=== Begin Enclosure ===

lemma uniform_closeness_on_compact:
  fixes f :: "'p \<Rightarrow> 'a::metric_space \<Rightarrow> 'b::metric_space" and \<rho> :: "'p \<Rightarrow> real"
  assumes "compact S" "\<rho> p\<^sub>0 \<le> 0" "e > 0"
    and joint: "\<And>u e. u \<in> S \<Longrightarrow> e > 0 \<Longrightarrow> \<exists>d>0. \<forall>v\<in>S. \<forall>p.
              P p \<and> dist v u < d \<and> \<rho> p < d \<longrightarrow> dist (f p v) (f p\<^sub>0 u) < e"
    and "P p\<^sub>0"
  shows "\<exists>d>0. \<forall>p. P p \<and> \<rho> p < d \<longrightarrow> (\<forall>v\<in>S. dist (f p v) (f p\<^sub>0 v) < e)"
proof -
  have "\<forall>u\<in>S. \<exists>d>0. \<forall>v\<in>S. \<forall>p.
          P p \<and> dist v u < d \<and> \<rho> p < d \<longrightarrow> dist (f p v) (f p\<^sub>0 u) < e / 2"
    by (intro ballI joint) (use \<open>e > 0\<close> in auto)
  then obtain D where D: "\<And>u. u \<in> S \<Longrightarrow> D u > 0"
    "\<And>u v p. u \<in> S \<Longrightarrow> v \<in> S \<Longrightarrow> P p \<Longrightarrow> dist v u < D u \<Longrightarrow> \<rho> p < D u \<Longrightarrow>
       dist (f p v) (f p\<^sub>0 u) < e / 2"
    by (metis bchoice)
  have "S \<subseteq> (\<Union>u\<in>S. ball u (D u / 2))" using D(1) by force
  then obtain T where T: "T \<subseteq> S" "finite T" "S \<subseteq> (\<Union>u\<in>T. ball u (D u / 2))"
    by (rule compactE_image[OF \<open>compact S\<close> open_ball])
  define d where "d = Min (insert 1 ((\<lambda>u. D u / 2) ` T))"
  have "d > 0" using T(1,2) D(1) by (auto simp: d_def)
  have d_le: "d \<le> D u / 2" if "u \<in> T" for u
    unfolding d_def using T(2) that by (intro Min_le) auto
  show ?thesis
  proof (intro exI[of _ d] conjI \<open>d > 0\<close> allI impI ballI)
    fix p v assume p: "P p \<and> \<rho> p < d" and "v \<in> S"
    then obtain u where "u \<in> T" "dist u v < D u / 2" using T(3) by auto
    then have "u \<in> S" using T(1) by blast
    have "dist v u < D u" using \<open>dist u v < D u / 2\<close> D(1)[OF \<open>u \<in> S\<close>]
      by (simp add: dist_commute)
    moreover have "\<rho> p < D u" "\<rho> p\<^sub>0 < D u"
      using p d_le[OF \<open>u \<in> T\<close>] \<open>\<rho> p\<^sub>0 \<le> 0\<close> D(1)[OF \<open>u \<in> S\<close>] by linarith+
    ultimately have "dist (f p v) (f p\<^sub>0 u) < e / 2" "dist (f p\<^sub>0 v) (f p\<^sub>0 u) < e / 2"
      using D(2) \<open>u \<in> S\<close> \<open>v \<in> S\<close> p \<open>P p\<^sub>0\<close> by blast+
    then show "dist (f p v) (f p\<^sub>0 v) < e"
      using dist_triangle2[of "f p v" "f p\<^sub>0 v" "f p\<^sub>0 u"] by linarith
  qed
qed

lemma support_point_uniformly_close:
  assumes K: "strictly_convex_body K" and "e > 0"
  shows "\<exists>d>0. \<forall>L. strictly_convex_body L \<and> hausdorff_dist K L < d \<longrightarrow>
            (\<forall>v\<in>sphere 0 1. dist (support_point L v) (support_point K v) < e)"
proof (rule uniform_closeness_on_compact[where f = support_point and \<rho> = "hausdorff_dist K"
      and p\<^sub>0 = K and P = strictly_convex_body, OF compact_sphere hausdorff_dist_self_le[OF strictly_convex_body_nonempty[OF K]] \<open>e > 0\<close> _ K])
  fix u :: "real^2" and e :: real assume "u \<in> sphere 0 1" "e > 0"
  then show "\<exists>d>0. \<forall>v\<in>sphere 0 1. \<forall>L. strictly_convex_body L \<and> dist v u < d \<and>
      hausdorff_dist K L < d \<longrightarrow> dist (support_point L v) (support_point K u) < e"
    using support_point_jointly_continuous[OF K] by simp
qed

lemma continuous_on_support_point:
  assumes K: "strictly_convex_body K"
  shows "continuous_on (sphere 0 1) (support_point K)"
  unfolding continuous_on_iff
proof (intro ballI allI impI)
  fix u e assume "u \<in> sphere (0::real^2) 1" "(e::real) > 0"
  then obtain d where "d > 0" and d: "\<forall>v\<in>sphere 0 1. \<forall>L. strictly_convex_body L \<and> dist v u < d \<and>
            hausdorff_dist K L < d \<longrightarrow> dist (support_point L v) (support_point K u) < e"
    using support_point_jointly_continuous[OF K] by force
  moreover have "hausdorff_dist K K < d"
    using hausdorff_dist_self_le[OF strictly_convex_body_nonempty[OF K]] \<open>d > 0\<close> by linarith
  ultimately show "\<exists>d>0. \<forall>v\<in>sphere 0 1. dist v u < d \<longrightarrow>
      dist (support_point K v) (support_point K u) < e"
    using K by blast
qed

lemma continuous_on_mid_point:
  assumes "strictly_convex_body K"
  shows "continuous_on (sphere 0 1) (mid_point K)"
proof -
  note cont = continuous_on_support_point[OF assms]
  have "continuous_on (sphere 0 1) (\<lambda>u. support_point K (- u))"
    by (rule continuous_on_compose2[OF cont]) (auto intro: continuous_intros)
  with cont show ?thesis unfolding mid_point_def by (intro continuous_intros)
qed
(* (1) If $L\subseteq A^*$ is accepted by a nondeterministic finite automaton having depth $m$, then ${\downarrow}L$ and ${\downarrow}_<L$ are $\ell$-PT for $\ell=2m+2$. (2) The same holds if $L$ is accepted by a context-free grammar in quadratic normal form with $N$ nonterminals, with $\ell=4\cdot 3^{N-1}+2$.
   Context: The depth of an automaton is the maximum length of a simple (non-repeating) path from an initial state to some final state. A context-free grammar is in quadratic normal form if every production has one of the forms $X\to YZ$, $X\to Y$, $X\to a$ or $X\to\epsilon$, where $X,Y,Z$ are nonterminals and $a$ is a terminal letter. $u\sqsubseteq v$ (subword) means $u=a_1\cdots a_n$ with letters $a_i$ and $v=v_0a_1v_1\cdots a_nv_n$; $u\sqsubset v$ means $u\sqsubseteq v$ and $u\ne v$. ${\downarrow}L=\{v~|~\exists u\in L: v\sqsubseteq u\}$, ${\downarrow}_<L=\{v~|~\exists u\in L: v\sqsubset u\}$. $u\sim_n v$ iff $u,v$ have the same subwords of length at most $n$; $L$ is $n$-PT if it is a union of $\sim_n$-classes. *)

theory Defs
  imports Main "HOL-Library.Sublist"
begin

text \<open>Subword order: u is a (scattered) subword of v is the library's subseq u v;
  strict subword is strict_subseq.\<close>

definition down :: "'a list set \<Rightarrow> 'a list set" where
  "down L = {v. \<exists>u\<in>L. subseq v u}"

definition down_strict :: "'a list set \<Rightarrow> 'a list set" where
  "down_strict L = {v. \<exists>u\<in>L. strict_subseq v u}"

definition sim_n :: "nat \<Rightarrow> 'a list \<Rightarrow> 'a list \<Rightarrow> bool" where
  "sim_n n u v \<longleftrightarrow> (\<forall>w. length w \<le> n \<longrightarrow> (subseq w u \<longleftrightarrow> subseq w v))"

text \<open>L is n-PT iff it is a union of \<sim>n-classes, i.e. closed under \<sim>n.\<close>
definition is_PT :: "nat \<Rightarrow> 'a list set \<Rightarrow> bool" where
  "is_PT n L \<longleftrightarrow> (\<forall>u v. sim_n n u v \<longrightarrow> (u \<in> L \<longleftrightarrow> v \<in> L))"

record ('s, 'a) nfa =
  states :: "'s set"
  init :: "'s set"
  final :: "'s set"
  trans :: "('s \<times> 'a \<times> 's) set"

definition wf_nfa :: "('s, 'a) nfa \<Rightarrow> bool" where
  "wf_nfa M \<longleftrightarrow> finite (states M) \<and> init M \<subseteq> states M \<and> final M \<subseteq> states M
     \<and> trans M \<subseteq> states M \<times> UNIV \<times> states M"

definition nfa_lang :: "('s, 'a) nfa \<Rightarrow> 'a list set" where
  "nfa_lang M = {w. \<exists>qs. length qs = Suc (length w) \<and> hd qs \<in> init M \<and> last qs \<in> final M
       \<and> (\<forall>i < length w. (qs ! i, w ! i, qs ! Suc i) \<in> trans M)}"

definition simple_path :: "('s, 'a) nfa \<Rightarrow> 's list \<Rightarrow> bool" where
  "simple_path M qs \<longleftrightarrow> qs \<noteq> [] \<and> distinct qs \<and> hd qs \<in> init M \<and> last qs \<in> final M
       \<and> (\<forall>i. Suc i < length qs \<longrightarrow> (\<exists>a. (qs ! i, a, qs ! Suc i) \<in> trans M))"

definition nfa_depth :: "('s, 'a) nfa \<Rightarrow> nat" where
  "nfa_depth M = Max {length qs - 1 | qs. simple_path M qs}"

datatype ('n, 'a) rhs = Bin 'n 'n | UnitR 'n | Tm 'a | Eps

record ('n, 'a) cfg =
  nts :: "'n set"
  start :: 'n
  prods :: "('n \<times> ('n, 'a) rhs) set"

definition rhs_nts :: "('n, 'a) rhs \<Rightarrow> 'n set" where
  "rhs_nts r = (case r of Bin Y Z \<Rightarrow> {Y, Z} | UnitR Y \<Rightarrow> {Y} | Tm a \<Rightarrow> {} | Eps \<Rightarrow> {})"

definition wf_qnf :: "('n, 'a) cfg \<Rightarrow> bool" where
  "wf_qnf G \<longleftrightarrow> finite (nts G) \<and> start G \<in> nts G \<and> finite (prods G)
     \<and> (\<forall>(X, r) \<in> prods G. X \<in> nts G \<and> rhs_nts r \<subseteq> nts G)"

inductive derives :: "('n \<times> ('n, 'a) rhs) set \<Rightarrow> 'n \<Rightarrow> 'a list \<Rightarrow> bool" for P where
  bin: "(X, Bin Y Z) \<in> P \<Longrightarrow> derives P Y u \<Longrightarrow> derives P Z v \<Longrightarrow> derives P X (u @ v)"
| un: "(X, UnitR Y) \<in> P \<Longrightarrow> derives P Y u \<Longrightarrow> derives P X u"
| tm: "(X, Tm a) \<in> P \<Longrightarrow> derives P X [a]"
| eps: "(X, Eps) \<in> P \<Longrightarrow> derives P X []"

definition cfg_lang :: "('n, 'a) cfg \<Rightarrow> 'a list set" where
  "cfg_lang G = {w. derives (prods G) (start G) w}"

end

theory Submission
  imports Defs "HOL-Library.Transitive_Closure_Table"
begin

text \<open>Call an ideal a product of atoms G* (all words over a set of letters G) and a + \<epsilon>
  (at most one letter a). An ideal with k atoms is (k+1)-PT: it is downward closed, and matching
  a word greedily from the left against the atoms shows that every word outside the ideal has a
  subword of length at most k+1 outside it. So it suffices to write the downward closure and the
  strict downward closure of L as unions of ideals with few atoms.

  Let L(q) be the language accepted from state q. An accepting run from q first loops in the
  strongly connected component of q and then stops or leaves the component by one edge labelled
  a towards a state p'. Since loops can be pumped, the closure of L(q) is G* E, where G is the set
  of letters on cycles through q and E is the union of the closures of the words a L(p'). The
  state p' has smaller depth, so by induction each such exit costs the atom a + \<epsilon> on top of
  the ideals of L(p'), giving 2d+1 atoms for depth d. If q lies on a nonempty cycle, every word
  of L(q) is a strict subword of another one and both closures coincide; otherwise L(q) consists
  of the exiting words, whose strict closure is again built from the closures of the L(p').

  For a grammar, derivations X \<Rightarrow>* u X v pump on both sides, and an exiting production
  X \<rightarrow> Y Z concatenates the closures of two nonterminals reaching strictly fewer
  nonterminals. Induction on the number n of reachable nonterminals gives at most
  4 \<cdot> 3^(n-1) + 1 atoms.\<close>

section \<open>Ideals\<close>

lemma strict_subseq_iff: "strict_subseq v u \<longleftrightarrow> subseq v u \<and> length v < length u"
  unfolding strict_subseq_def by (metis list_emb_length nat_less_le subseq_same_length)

=== End Enclosure ===

-- WHAT YOU ARE ASKED TO DO --
Go back to the listing above. Copy word for word the lines from the one with "proof (intro ballI allI impI)" through the one with "(* (1) If $L\subseteq", and nothing more.

-- WRITTEN REPLY --
proof (intro ballI allI impI)
  fix u e assume "u \<in> sphere (0::real^2) 1" "(e::real) > 0"
  then obtain d where "d > 0" and d: "\<forall>v\<in>sphere 0 1. \<forall>L. strictly_convex_body L \<and> dist v u < d \<and>
            hausdorff_dist K L < d \<longrightarrow> dist (support_point L v) (support_point K u) < e"
    using support_point_jointly_continuous[OF K] by force
  moreover have "hausdorff_dist K K < d"
    using hausdorff_dist_self_le[OF strictly_convex_body_nonempty[OF K]] \<open>d > 0\<close> by linarith
  ultimately show "\<exists>d>0. \<forall>v\<in>sphere 0 1. dist v u < d \<longrightarrow>
      dist (support_point K v) (support_point K u) < e"
    using K by blast
qed

lemma continuous_on_mid_point:
  assumes "strictly_convex_body K"
  shows "continuous_on (sphere 0 1) (mid_point K)"
proof -
  note cont = continuous_on_support_point[OF assms]
  have "continuous_on (sphere 0 1) (\<lambda>u. support_point K (- u))"
    by (rule continuous_on_compose2[OF cont]) (auto intro: continuous_intros)
  with cont show ?thesis unfolding mid_point_def by (intro continuous_intros)
qed
(* (1) If $L\subseteq A^*$ is accepted by a nondeterministic finite automaton having depth $m$, then ${\downarrow}L$ and ${\downarrow}_<L$ are $\ell$-PT for $\ell=2m+2$. (2) The same holds if $L$ is accepted by a context-free grammar in quadratic normal form with $N$ nonterminals, with $\ell=4\cdot 3^{N-1}+2$.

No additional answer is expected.